NIO-SW (09866) has announced that its board of directors approved a 2026 share incentive plan on March 10. Under this plan, the company will grant approximately 248 million restricted shares to its founder, chairman, and CEO, William Li. These restricted shares will be divided into ten equal batches, with vesting conditions tied to specific performance targets related to the company's market capitalization and net profit.
The plan takes effect on March 6, 2026, and remains valid for twelve years. The shares will vest in batches only upon the achievement of certain performance milestones. These milestones are directly linked to NIO's market value and net profit. Specifically, one-tenth of the shares will vest each time NIO's U.S. market capitalization surpasses thresholds of $30 billion, $50 billion, $80 billion, $100 billion, and $120 billion. Similarly, another one-tenth will vest each time the company's net profit exceeds $1.5 billion, $2.5 billion, $4 billion, $5 billion, and $6 billion. Full vesting of all incentive shares will occur when NIO's market capitalization exceeds $120 billion and its net profit surpasses $6 billion simultaneously.
According to financial reports, NIO reported an operating profit of RMB 12.5 billion in the fourth quarter. The company's cash reserves reached RMB 45.9 billion, increasing by nearly RMB 10 billion quarter-over-quarter. For the full year 2025, NIO delivered 326,028 new vehicles, a 46.9% year-over-year increase. Annual revenue reached RMB 87.49 billion, up 33.1% year-over-year, while gross profit totaled RMB 11.92 billion, an 83.5% increase, setting new historical records. Delivery guidance for the first quarter of 2026 is between 80,000 and 83,000 vehicles, representing year-over-year growth of 90.1% to 97.2%. Revenue guidance is between RMB 24.48 billion and RMB 25.18 billion, indicating growth of 103.4% to 109.2%.

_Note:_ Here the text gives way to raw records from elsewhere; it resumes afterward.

text \<open>X reacts to the previous outcome with \<open>p\<close>, so the mean of \<open>p\<close> over round \<open>n\<close> is
  X's cooperation probability in round \<open>n + 1\<close>.\<close>
lemma sum_round_dist_p:
  "(\<Sum>w\<in>UNIV. round_dist p p0 q (Suc n) w * p w) = coop_prob p p0 q (Suc (Suc n))"
proof -
  have "coop_prob p p0 q (Suc (Suc n))
      = (\<Sum>h\<in>{h. length h = n}. \<Sum>w\<in>UNIV. hist_prob p p0 q h * round_prob p p0 q h w * p w)"
    by (simp add: coop_prob_Suc sum_lists_length_Suc[OF finite_UNIV_outcome] hist_prob_snoc x_coop_prob_def)
  also have "\<dots> = (\<Sum>w\<in>UNIV. round_dist p p0 q (Suc n) w * p w)"
    by (simp add: round_dist_def sum_distrib_right flip: sum.swap[of _ UNIV])
  finally show ?thesis by simp
qed

lemma coop_prob_bounds:
  assumes "memory_one p" "0 \<le> p0" "p0 \<le> 1" "strategy_pattern q"
  shows "0 \<le> coop_prob p p0 q (Suc n)" "coop_prob p p0 q (Suc n) \<le> 1"
proof -
  have x: "0 \<le> x_coop_prob p p0 h" "x_coop_prob p p0 h \<le> 1" for h
    using assms by (auto simp: x_coop_prob_def memory_one_def)
  have "0 \<le> round_prob p p0 q h w" for h w
    using assms unfolding round_prob_def Let_def memory_one_def strategy_pattern_def
    by (intro mult_nonneg_nonneg) auto
  then have hist: "0 \<le> hist_prob p p0 q h" for h
    by (simp add: hist_prob_def prod_nonneg)
  show "0 \<le> coop_prob p p0 q (Suc n)"
    by (simp add: coop_prob_Suc sum_nonneg hist x)
  have "coop_prob p p0 q (Suc n) \<le> (\<Sum>h\<in>{h. length h = n}. hist_prob p p0 q h)"
    unfolding coop_prob_Suc by (intro sum_mono) (simp add: hist x mult_left_le)
  then show "coop_prob p p0 q (Suc n) \<le> 1"
    by (simp add: sum_hist_prob)
qed

lemma sum_cesaro: "(\<Sum>w\<in>UNIV. cesaro p p0 q (Suc N) w) = 1"
proof -
  have "(\<Sum>w\<in>UNIV. \<Sum>k=1..Suc N. round_dist p p0 q k w) = real (Suc N)"
    by (subst sum.swap) (simp add: sum_round_dist)
  then show ?thesis
    by (simp add: cesaro_def flip: sum_divide_distrib)
qed

lemma sum_cesaro_drift:
  "(\<Sum>w\<in>UNIV. cesaro p p0 q (Suc N) w * (p w - e12 w))
   = (coop_prob p p0 q (Suc (Suc N)) - coop_prob p p0 q 1) / real (Suc N)"
proof -
  have drift: "(\<Sum>w\<in>UNIV. round_dist p p0 q k w * (p w - e12 w))
      = coop_prob p p0 q (Suc k) - coop_prob p p0 q k" if k: "1 \<le> k" for k
  proof -
    obtain m where "k = Suc m" using k by (cases k) auto
    then show ?thesis
      using sum_round_dist_p[of p p0 q m]
      by (simp add: right_diff_distrib sum_subtractf coop_prob_def)
  qed
  have "(\<Sum>w\<in>UNIV. cesaro p p0 q (Suc N) w * (p w - e12 w))
      = (\<Sum>k=1..Suc N. \<Sum>w\<in>UNIV. round_dist p p0 q k w * (p w - e12 w)) / real (Suc N)"
    unfolding cesaro_def times_divide_eq_left sum_distrib_right
    by (subst sum.swap) (simp add: sum_divide_distrib)
  also have "\<dots> = (\<Sum>k=1..Suc N. coop_prob p p0 q (Suc k) - coop_prob p p0 q k) / real (Suc N)"
    by (simp add: drift)
  also have "\<dots> = (coop_prob p p0 q (Suc (Suc N)) - coop_prob p p0 q 1) / real (Suc N)"
    by (subst sum_Suc_diff) auto
  finally show ?thesis .
qed

lemma cesaro_drift_tendsto_0:
  assumes "memory_one p" "0 \<le> p0" "p0 \<le> 1" "strategy_pattern q"
  shows "(\<lambda>N. \<Sum>w\<in>UNIV. cesaro p p0 q (Suc N) w * (p w - e12 w)) \<longlonglongrightarrow> 0"
proof (rule tendsto_0_le[where f = "\<lambda>N. inverse (real (Suc N))" and K = 1])
  show "(\<lambda>N. inverse (real (Suc N))) \<longlonglongrightarrow> 0"
    by (rule LIMSEQ_inverse_real_of_nat)
  have "norm (\<Sum>w\<in>UNIV. cesaro p p0 q (Suc N) w * (p w - e12 w)) \<le> inverse (real (Suc N))" for N
  proof -
    have "\<bar>coop_prob p p0 q (Suc (Suc N)) - coop_prob p p0 q 1\<bar> \<le> 1"
      using coop_prob_bounds[OF assms, of "Suc N"] coop_prob_bounds[OF assms, of 0] by simp
    then show ?thesis
      by (simp add: sum_cesaro_drift abs_divide divide_right_mono divide_inverse_commute abs_mult
          mult_left_le)
  qed
  then show "\<forall>\<^sub>F N in sequentially.
      norm (\<Sum>w\<in>UNIV. cesaro p p0 q (Suc N) w * (p w - e12 w)) \<le> norm (inverse (real (Suc N))) * 1"
    by simp
qed

lemma limit_dist_drift_eq_0:
  assumes "memory_one p" "0 \<le> p0" "p0 \<le> 1" "strategy_pattern q" "limit_dist p p0 q v"
  shows "(\<Sum>w\<in>UNIV. v w * (p w - e12 w)) = 0" and "(\<Sum>w\<in>UNIV. v w) = 1"
proof -
  obtain r where r: "strict_mono r" "\<And>w. (\<lambda>j. cesaro p p0 q (Suc (r j)) w) \<longlonglongrightarrow> v w"
    using assms(5) unfolding limit_dist_def by blast
  have "(\<lambda>j. \<Sum>w\<in>UNIV. cesaro p p0 q (Suc (r j)) w * (p w - e12 w))
      \<longlonglongrightarrow> (\<Sum>w\<in>UNIV. v w * (p w - e12 w))"
    by (intro tendsto_intros r(2))
  moreover have "(\<lambda>j. \<Sum>w\<in>UNIV. cesaro p p0 q (Suc (r j)) w * (p w - e12 w)) \<longlonglongrightarrow> 0"
    using LIMSEQ_subseq_LIMSEQ[OF cesaro_drift_tendsto_0[OF assms(1-4)] r(1)]
    by (simp add: comp_def)
  ultimately show "(\<Sum>w\<in>UNIV. v w * (p w - e12 w)) = 0"
    by (rule LIMSEQ_unique)
  have "(\<lambda>j. \<Sum>w\<in>UNIV. cesaro p p0 q (Suc (r j)) w) \<longlonglongrightarrow> (\<Sum>w\<in>UNIV. v w)"
    by (intro tendsto_sum r(2))
  then show "(\<Sum>w\<in>UNIV. v w) = 1"
    by (simp add: sum_cesaro LIMSEQ_const_iff)
qed

lemma expected_zd_relation:
  assumes drift: "(\<Sum>w\<in>UNIV. v w * (p w - e12 w)) = 0" and mass: "(\<Sum>w\<in>UNIV. v w) = 1"
    and zd: "\<forall>w. p w - e12 w = \<gamma> * (\<alpha> * S w + \<beta> * T w + 1)" and "\<gamma> \<noteq> 0"
  shows "\<alpha> * expected v S + \<beta> * expected v T + 1 = 0"
proof -
  have "\<gamma> * (\<alpha> * expected v S + \<beta> * expected v T + (\<Sum>w\<in>UNIV. v w))
      = (\<Sum>w\<in>UNIV. v w * (p w - e12 w))"
    by (simp add: zd expected_def sum_UNIV_outcome algebra_simps)
  then show ?thesis
    using drift mass \<open>\<gamma> \<noteq> 0\<close> by simp
qed

text \<open>The constraints \<open>p(DC) \<ge> 0\<close> and \<open>p(CC) \<le> 1\<close> on a zero-determinant strategy.\<close>
lemma zd_coefficient_bounds:
  assumes "memory_one p" and zd: "\<forall>w. p w - e12 w = \<gamma> * (\<alpha> * SX R P w + \<beta> * SY R P w + 1)"
    and "0 < \<gamma>"
  shows "-1 \<le> \<alpha>" and "(\<alpha> + \<beta>) * R \<le> -1"
proof -
  have "0 \<le> p DC" "p CC \<le> 1"
    using \<open>memory_one p\<close> by (auto simp: memory_one_def)
  moreover have "p DC = \<gamma> * (\<alpha> + 1)" "p CC - 1 = \<gamma> * ((\<alpha> + \<beta>) * R + 1)"
    using zd[rule_format, of DC] zd[rule_format, of CC] by (simp_all add: e12_def algebra_simps)
  ultimately have "0 \<le> \<gamma> * (\<alpha> + 1)" "\<gamma> * ((\<alpha> + \<beta>) * R + 1) \<le> 0"
    by simp_all
  with \<open>0 < \<gamma>\<close> show "-1 \<le> \<alpha>" "(\<alpha> + \<beta>) * R \<le> -1"
    by (simp_all add: zero_le_mult_iff mult_le_0_iff)
qed

lemma payoff_order_from_relation:
  fixes \<alpha> Z sX sY :: real
  assumes Z: "0 < Z" and slope: "0 < 1 + \<alpha> * Z"
    and rel: "sY - Z = \<alpha> * Z * (sX - sY)"
  shows "(\<alpha> = 0 \<longrightarrow> sY = Z)
       \<and> (\<alpha> \<noteq> 0 \<longrightarrow> ((sY = sX \<longleftrightarrow> sY = Z) \<and> (sY = Z \<longleftrightarrow> sX = Z)))
       \<and> (sY > sX \<longrightarrow>
            (\<alpha> > 0 \<longrightarrow> Z > sY \<and> sY > sX)
          \<and> (\<alpha> = 0 \<longrightarrow> Z = sY \<and> sY > sX)
          \<and> (\<alpha> < 0 \<longrightarrow> sY > Z \<and> Z > sX))
       \<and> (sX > sY \<longrightarrow>
            (\<alpha> > 0 \<longrightarrow> sX > sY \<and> sY > Z)
          \<and> (\<alpha> = 0 \<longrightarrow> sX > sY \<and> sY = Z)
          \<and> (\<alpha> < 0 \<longrightarrow> sX > Z \<and> Z > sY))"
proof -
  have "sX - Z = (1 + \<alpha> * Z) * (sX - sY)"
    using rel by (simp add: algebra_simps)
  then have sgn_X: "sgn (sX - Z) = sgn (sX - sY)"
    using slope by (simp add: sgn_mult)
  have sgn_Y: "sgn (sY - Z) = sgn \<alpha> * sgn (sX - sY)"
    using Z by (simp add: rel sgn_mult)
  show ?thesis
    using sgn_X sgn_Y by (auto simp: sgn_if split: if_splits)
qed

lemma zd_level_bounds:
  fixes \<alpha> \<beta> R Z :: real
  assumes "0 < R" "R < 1" "-1 \<le> \<alpha>" "(\<alpha> + \<beta>) * R \<le> -1" and Zdef: "- (1 / Z) = \<alpha> + \<beta>"
  shows "0 < Z" and "(\<alpha> + \<beta>) * Z = -1" and "0 < 1 + \<alpha> * Z"
proof -
  have "\<alpha> + \<beta> < 0"
    using assms(1,4) by (smt (verit) mult_nonneg_nonneg[of "\<alpha> + \<beta>" R])
  with Zdef have "0 < 1 / Z"
    by linarith
  then show Z: "0 < Z"
    by simp
  with Zdef show ab_Z: "(\<alpha> + \<beta>) * Z = -1"
    by (simp add: field_simps)
  with assms(4) \<open>\<alpha> + \<beta> < 0\<close> have "Z \<le> R"
    by (smt (verit) mult_le_cancel_left)
  moreover have "- Z \<le> \<alpha> * Z"
    using mult_right_mono[OF \<open>-1 \<le> \<alpha>\<close>, of Z] Z by simp
  ultimately show "0 < 1 + \<alpha> * Z"
    using \<open>R < 1\<close> by linarith
qed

Analysts note that linking share vesting conditions to market capitalization and net profit aims to align shareholder returns with business growth and operational results. By setting clear and challenging long-term targets, the plan deeply ties the CEO's incentives to the company's strategic objectives, motivating leadership to drive sustainable profit improvement and value growth amid intense market competition, thereby maximizing long-term shareholder interests.